In addition, as part of a candidate gene association study, subjects were genotyped for 215 single nucleotide polymorphisms (SNPs) in genes found to be associated with asthma in previous studies (including polymorphisms in chromosomal regions 20p13-p12 and 17q12-21)[24].

We used the following (partly overlapping) definitions of asthma, wheeze and eczema.

Asthma was encoded with three "operational definitions" determined by questionnaire, specifically:

  1. i.

    current asthma (CA), based on De Marco et al.[29], defined as asthma ever confirmed by a doctor and at least one symptom of wheeze, nocturnal chest tightness, asthma attack within the past 12 months, attacks of breathlessness following activity, at rest or at night-time, having taken anti-asthma medication;

  2. ii.

    level-2 ECRHS II[30] definition (A2), as two positive answers to the questions "have you been woken by an attack of shortness of breath at any time in the last 12 months", "have you had an attack of asthma in the last 12 months", "are you currently taking any medicines including inhalers, aerosol or tablets for asthma";

  3. iii.

    level-3 ECRHS II definition (A3), as three positive answers out of the set described at the previous point.

Current wheeze (CW) was defined, according to Pekkanen et al.[31], as the presence of wheeze/breathlessness in the previous 12 months outside colds.

Eczema was defined as self-diagnosed (SDE) or doctor-confirmed (DDE) eczema.
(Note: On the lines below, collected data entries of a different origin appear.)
(* Let $N'\ge2$ and let $\mu_1<0<\mu_2<\cdots<\mu_{N'}$ be real numbers. Let $\delta$ be a sufficiently small positive constant ($0<\delta\ll1$, in particular $\delta<\mu_2$) and let $0<a<1<b<c$ be constants. Define $$\bar x_1=\frac{b-1}{2b[-\mu_1+\delta]},\qquad \bar x_k(m)=\frac{\frac{c+m-1}{m}-a}{2a[\mu_k-\delta]}\quad(2\le k\le N',\ m\ge1).$$ Call admissible any choice of a nonempty set $S\subseteq\{2,\dots,N'\}$ with $m=|S|$, together with positive reals $x_1$ and $(x_k)_{k\in S}$ satisfying $x_1\le\bar x_1$ and $x_k\ge\bar x_k(m)$ for all $k\in S$; for such a choice set $\pi_1=\frac{x_1}{x_1+\sum_{k\in S}x_k}$. Then the maximum of $\pi_1$ over all admissible choices is $$\pi_1^*=\frac{\frac{b-1}{2b[-\mu_1+\delta]}}{\frac{b-1}{2b[-\mu_1+\delta]}+\frac{c-a}{2a[\mu_{N'}-\delta]}},$$ attained with $S=\{N'\}$, $x_1=\bar x_1$, $x_{N'}=\bar x_{N'}(1)$.
   Context: Setting: graphs $G_1,\dots,G_{N'}$ on a common node set with adjacency matrices $A_l$, constant cure probability $\beta$ and infection probability $\gamma$; configuration $\mathcal C_l=(G_l,\beta,\gamma)$, $\mu_l=\beta-\gamma\lambda_1(A_l)$ where $\lambda_1(A)$ is the eigenvalue of largest modulus. $\mathcal C_1$ violates the epidemic threshold ($\mu_1<0$); $\mathcal C_2,\dots,\mathcal C_{N'}$ are moving-target-defense-induced configurations satisfying it. The defender switches between $\mathcal C_1$ and the configurations $\mathcal C_k$, $k\in S$, by a continuous-time Markov chain with generator $Q$; $x_l=1/(-q_{ll})$ is the expected sojourn time in $\mathcal C_l$ and $\pi_l=x_l/\sum_p x_p$ the portion of time in $\mathcal C_l$. The bounds $x_1\le\bar x_1$, $x_k\ge\bar x_k(m)$ are exactly the sojourn-time conditions of a sufficient almost-sure convergence criterion (with one violating configuration and $m+1$ configurations in total), in which $\delta,a,b,c$ are constants such that there exist symmetric positive definite matrices $P_l$ with $aI<P_k<I$ for the satisfying configurations, $bI<P_1<cI$, and $\{P_l[\gamma A_l-\beta I]\}^s\le[\gamma\lambda_1(A_l)-\beta+\delta/2]P_l$. Thus $\pi_1^*$ is the maximal portion of time the system can stay in $\mathcal C_1$ under this criterion. *)

theory Defs
  imports "HOL-Analysis.Analysis"
begin

definition xbar1 :: "real \<Rightarrow> real \<Rightarrow> real \<Rightarrow> real" where
  "xbar1 b \<mu>1 \<delta> = (b - 1) / (2 * b * (- \<mu>1 + \<delta>))"

definition xbark :: "real \<Rightarrow> real \<Rightarrow> real \<Rightarrow> real \<Rightarrow> nat \<Rightarrow> real" where
  "xbark a c \<mu>k \<delta> m = ((c + real m - 1) / real m - a) / (2 * a * (\<mu>k - \<delta>))"

definition admissible_pi1 ::
  "nat \<Rightarrow> (nat \<Rightarrow> real) \<Rightarrow> real \<Rightarrow> real \<Rightarrow> real \<Rightarrow> real \<Rightarrow> real set" where
  "admissible_pi1 N' \<mu> \<delta> a b c =
     {x 1 / (x 1 + (\<Sum>k\<in>S. x k)) | S x.
        S \<noteq> {} \<and> S \<subseteq> {2..N'} \<and> x 1 > 0 \<and> (\<forall>k\<in>S. x k > 0) \<and>
        x 1 \<le> xbar1 b (\<mu> 1) \<delta> \<and>
        (\<forall>k\<in>S. x k \<ge> xbark a c (\<mu> k) \<delta> (card S))}"

end

theory Submission
  imports Defs
begin

text \<open>Every satisfying configuration in S must be visited for at least its lower bound, and this
  bound, weighted by m = card S, is smallest when m = 1 and the only configuration has the largest
  decay rate \<open>\<mu> N'\<close>. Hence the total time outside the violating configuration is at least
  \<open>xbark a c (\<mu> N') \<delta> 1\<close>, while the time inside it is at most \<open>xbar1\<close>; the fraction
  \<open>x\<^sub>1 / (x\<^sub>1 + s)\<close> is increasing in \<open>x\<^sub>1\<close> and decreasing in \<open>s\<close>.\<close>

lemma mono_on_interval_Suc:
  fixes f :: "nat \<Rightarrow> 'a::preorder"
  assumes Suc_step: "\<And>k. m \<le> k \<Longrightarrow> k < n \<Longrightarrow> f k \<le> f (Suc k)"
    and "m \<le> j" "j \<le> k" "k \<le> n"
  shows "f j \<le> f k"
  using \<open>j \<le> k\<close> \<open>k \<le> n\<close>
proof (induction k rule: dec_induct)
  case (step i)
  then show ?case
    using assms(2) Suc_step[of i] by (auto intro: order_trans)
qed simp

lemma xbar1_pos: "1 < b \<Longrightarrow> \<mu>1 < \<delta> \<Longrightarrow> 0 < xbar1 b \<mu>1 \<delta>"
  unfolding xbar1_def by (intro divide_pos_pos) auto

lemma xbark_numerator:
  "m \<ge> 1 \<Longrightarrow> (c + real m - 1) / real m - a = (c - 1) / real m + 1 - a"
  by (simp add: field_simps)

lemma xbark_numerator_pos:
  assumes "a < 1" "1 \<le> c" "m \<ge> 1"
  shows "0 < (c + real m - 1) / real m - a"
proof -
  have "0 \<le> (c - 1) / real m"
    using assms by simp
  then show ?thesis
    unfolding xbark_numerator[OF \<open>m \<ge> 1\<close>] using assms by linarith
qed

lemma xbark_pos:
  assumes "0 < a" "a < 1" "1 \<le> c" "m \<ge> 1" "\<delta> < \<mu>k"
  shows "0 < xbark a c \<mu>k \<delta> m"
  unfolding xbark_def using assms xbark_numerator_pos[of a c m]
  by (intro divide_pos_pos) auto

lemma xbark_antimono:
  assumes "0 < a" "a < 1" "1 \<le> c" "m \<ge> 1" "\<delta> < \<mu>j" "\<mu>j \<le> \<mu>k"
  shows "xbark a c \<mu>k \<delta> m \<le> xbark a c \<mu>j \<delta> m"
  unfolding xbark_def using assms xbark_numerator_pos[of a c m]
  by (intro divide_left_mono mult_left_mono mult_pos_pos) auto

lemma card_mult_xbark_ge:
  assumes "0 < a" "a < 1" "m \<ge> 1" "\<delta> < \<mu>k"
  shows "xbark a c \<mu>k \<delta> 1 \<le> real m * xbark a c \<mu>k \<delta> m"
proof -
  have "c - a \<le> c - a + (real m - 1) * (1 - a)"
    using assms by simp
  also have "\<dots> = real m * ((c + real m - 1) / real m - a)"
    using assms by (simp add: field_simps)
  finally show ?thesis
    unfolding xbark_def times_divide_eq_right using assms
    by (intro divide_right_mono) auto
qed

lemma divide_add_mono:
  fixes x X s T :: real
  assumes "0 < x" "x \<le> X" "0 < T" "T \<le> s"
  shows "x / (x + s) \<le> X / (X + T)"
proof -
  have "x / (x + s) \<le> x / (x + T)"
    using assms by (intro divide_left_mono) auto
  also have "\<dots> \<le> X / (X + T)"
    using assms by (simp add: field_simps mult_right_mono)
  finally show ?thesis .
qed

lemma sum_admissible_ge:
  assumes S: "finite S" "S \<noteq> {}" and \<mu>S: "\<And>k. k \<in> S \<Longrightarrow> \<delta> < \<mu> k \<and> \<mu> k \<le> \<mu>max"
    and x: "\<And>k. k \<in> S \<Longrightarrow> xbark a c (\<mu> k) \<delta> (card S) \<le> x k"
    and "0 < a" "a < 1" "1 \<le> c"
  shows "xbark a c \<mu>max \<delta> 1 \<le> (\<Sum>k\<in>S. x k)"
proof -
  have m: "card S \<ge> 1" and \<delta>max: "\<delta> < \<mu>max"
    using S \<mu>S by (auto simp: Suc_le_eq card_gt_0_iff dest: order_less_le_trans)
  have "xbark a c \<mu>max \<delta> 1 \<le> real (card S) * xbark a c \<mu>max \<delta> (card S)"
    using card_mult_xbark_ge assms m \<delta>max by blast
  also have "\<dots> = (\<Sum>k\<in>S. xbark a c \<mu>max \<delta> (card S))"
    by simp
  also have "\<dots> \<le> (\<Sum>k\<in>S. xbark a c (\<mu> k) \<delta> (card S))"
    using assms m \<mu>S by (intro sum_mono xbark_antimono) auto
  also have "\<dots> \<le> (\<Sum>k\<in>S. x k)"
    using x by (intro sum_mono)
  finally show ?thesis .
qed

lemma admissible_pi1_le:
  assumes \<mu>: "\<And>k. 2 \<le> k \<Longrightarrow> k \<le> N' \<Longrightarrow> \<delta> < \<mu> k \<and> \<mu> k \<le> \<mu> N'"
    and "0 < a" "a < 1" "1 \<le> c" "\<delta> < \<mu> N'"
    and p: "p \<in> admissible_pi1 N' \<mu> \<delta> a b c"
  shows "p \<le> xbar1 b (\<mu> 1) \<delta> / (xbar1 b (\<mu> 1) \<delta> + xbark a c (\<mu> N') \<delta> 1)"
proof -
  obtain S x where p_eq: "p = x 1 / (x 1 + (\<Sum>k\<in>S. x k))"
    and S: "S \<noteq> {}" "S \<subseteq> {2..N'}" and "0 < x 1" "x 1 \<le> xbar1 b (\<mu> 1) \<delta>"
    and xS: "\<forall>k\<in>S. xbark a c (\<mu> k) \<delta> (card S) \<le> x k"
    using p unfolding admissible_pi1_def by blast
  have "xbark a c (\<mu> N') \<delta> 1 \<le> (\<Sum>k\<in>S. x k)"
    using S xS assms by (intro sum_admissible_ge[where \<mu>=\<mu>]) (auto intro: finite_subset)
  then show ?thesis
    unfolding p_eq using assms \<open>0 < x 1\<close> \<open>x 1 \<le> _\<close>
    by (intro divide_add_mono xbark_pos) auto
qed

lemma admissible_pi1_singleton:
  assumes "N' \<ge> 2" "0 < xbar1 b (\<mu> 1) \<delta>" "0 < xbark a c (\<mu> N') \<delta> 1"
  shows "xbar1 b (\<mu> 1) \<delta> / (xbar1 b (\<mu> 1) \<delta> + xbark a c (\<mu> N') \<delta> 1)
           \<in> admissible_pi1 N' \<mu> \<delta> a b c"
proof -
  define x where "x i = (if i = 1 then xbar1 b (\<mu> 1) \<delta> else xbark a c (\<mu> N') \<delta> 1)" for i :: nat
  have "N' \<noteq> 1"
    using assms by simp
  then have "xbar1 b (\<mu> 1) \<delta> / (xbar1 b (\<mu> 1) \<delta> + xbark a c (\<mu> N') \<delta> 1)
      = x 1 / (x 1 + (\<Sum>k\<in>{N'}. x k))"
    by (simp add: x_def)
  moreover have "{N'} \<subseteq> {2..N'}" "0 < x 1" "x 1 \<le> xbar1 b (\<mu> 1) \<delta>"
    "\<forall>k\<in>{N'}. 0 < x k \<and> xbark a c (\<mu> k) \<delta> (card {N'}) \<le> x k"
    using assms \<open>N' \<noteq> 1\<close> by (auto simp: x_def)
  ultimately show ?thesis
    unfolding admissible_pi1_def by blast
qed

theorem theorem5:
  fixes N' :: nat and \<mu> :: "nat \<Rightarrow> real" and \<delta> a b c :: real
  assumes "N' \<ge> 2"
    and "\<mu> 1 < 0" and "0 < \<mu> 2"
    and "\<And>k. 2 \<le> k \<Longrightarrow> k < N' \<Longrightarrow> \<mu> k < \<mu> (Suc k)"
    and "0 < \<delta>" and "\<delta> < \<mu> 2"
    and "0 < a" and "a < 1" and "1 < b" and "b < c"
  shows "(let pstar = ((b - 1) / (2 * b * (- \<mu> 1 + \<delta>))) /
            ((b - 1) / (2 * b * (- \<mu> 1 + \<delta>)) + (c - a) / (2 * a * (\<mu> N' - \<delta>)))
         in pstar \<in> admissible_pi1 N' \<mu> \<delta> a b c \<and>
            (\<forall>p\<in>admissible_pi1 N' \<mu> \<delta> a b c. p \<le> pstar) \<and>
            0 < xbar1 b (\<mu> 1) \<delta> \<and> 0 < xbark a c (\<mu> N') \<delta> 1 \<and>
            xbar1 b (\<mu> 1) \<delta> / (xbar1 b (\<mu> 1) \<delta> + (\<Sum>k\<in>{N'}. xbark a c (\<mu> k) \<delta> (card {N'}))) = pstar)"
proof -
  have mono: "\<mu> j \<le> \<mu> k" if "2 \<le> j" "j \<le> k" "k \<le> N'" for j k
    using mono_on_interval_Suc[of 2 N' \<mu>] assms(4) that by fastforce
  have \<mu>: "\<delta> < \<mu> k \<and> \<mu> k \<le> \<mu> N'" if "2 \<le> k" "k \<le> N'" for k
    using mono[of 2 k] mono[of k N'] that assms(6) by auto
  have pos: "0 < xbar1 b (\<mu> 1) \<delta>" "0 < xbark a c (\<mu> N') \<delta> 1"
    using assms \<mu>[of N'] by (auto intro: xbar1_pos xbark_pos)
  have pstar: "(b - 1) / (2 * b * (- \<mu> 1 + \<delta>)) = xbar1 b (\<mu> 1) \<delta>"
    "(c - a) / (2 * a * (\<mu> N' - \<delta>)) = xbark a c (\<mu> N') \<delta> 1"
    unfolding xbar1_def xbark_def by simp_all
  show ?thesis
    unfolding Let_def pstar
    using admissible_pi1_singleton[OF assms(1) pos] admissible_pi1_le[of N' \<delta> \<mu>, OF \<mu>] assms pos \<mu>[of N']
    by auto
qed

end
Out of the 1,102 original non-genetic attributes, 223 were selected by clinical researchers, excluding factors considered as irrelevant or completely redundant, and those that were defining features of diagnoses. Attributes were grouped into: demographic/environmental variables (n = 74, including age, gender, BMI, whole body impedance, housing conditions, pet ownership, plus n = 56 variables measuring environmental exposures to endotoxin, beta glucan and indoor allergens); lung function, airway inflammation and airway hyper-responsiveness markers (n = 12, including eNO, % predicted FEV1, FVC, FEV1/FVC, FEF25-75, sRaw, PEF, TLC, RV, methacholine challenge MDRS and PC20); allergen sensitization assessed either by skin prick testing, specific serum IgE measurement or component resolved diagnostics (n = 8, n = 7, n = 66, respectively), recording mean wheal diameters (MWD) and IgE levels, which were either log-transformed or discretized into ordered quartile categories (where a negative or below limit of detection result was the zero-order category). All 215 SNPs were retained and merged to the data set. Before data merge, raw SNP data were processed through linkage-disequilibrium filtering/imputation using Haploview[32] and the method of Gabriel et al.[33] (as described in the previous work by Marinho et al.[24]). Other missing values were replaced by column-wise median and modes depending on the data types.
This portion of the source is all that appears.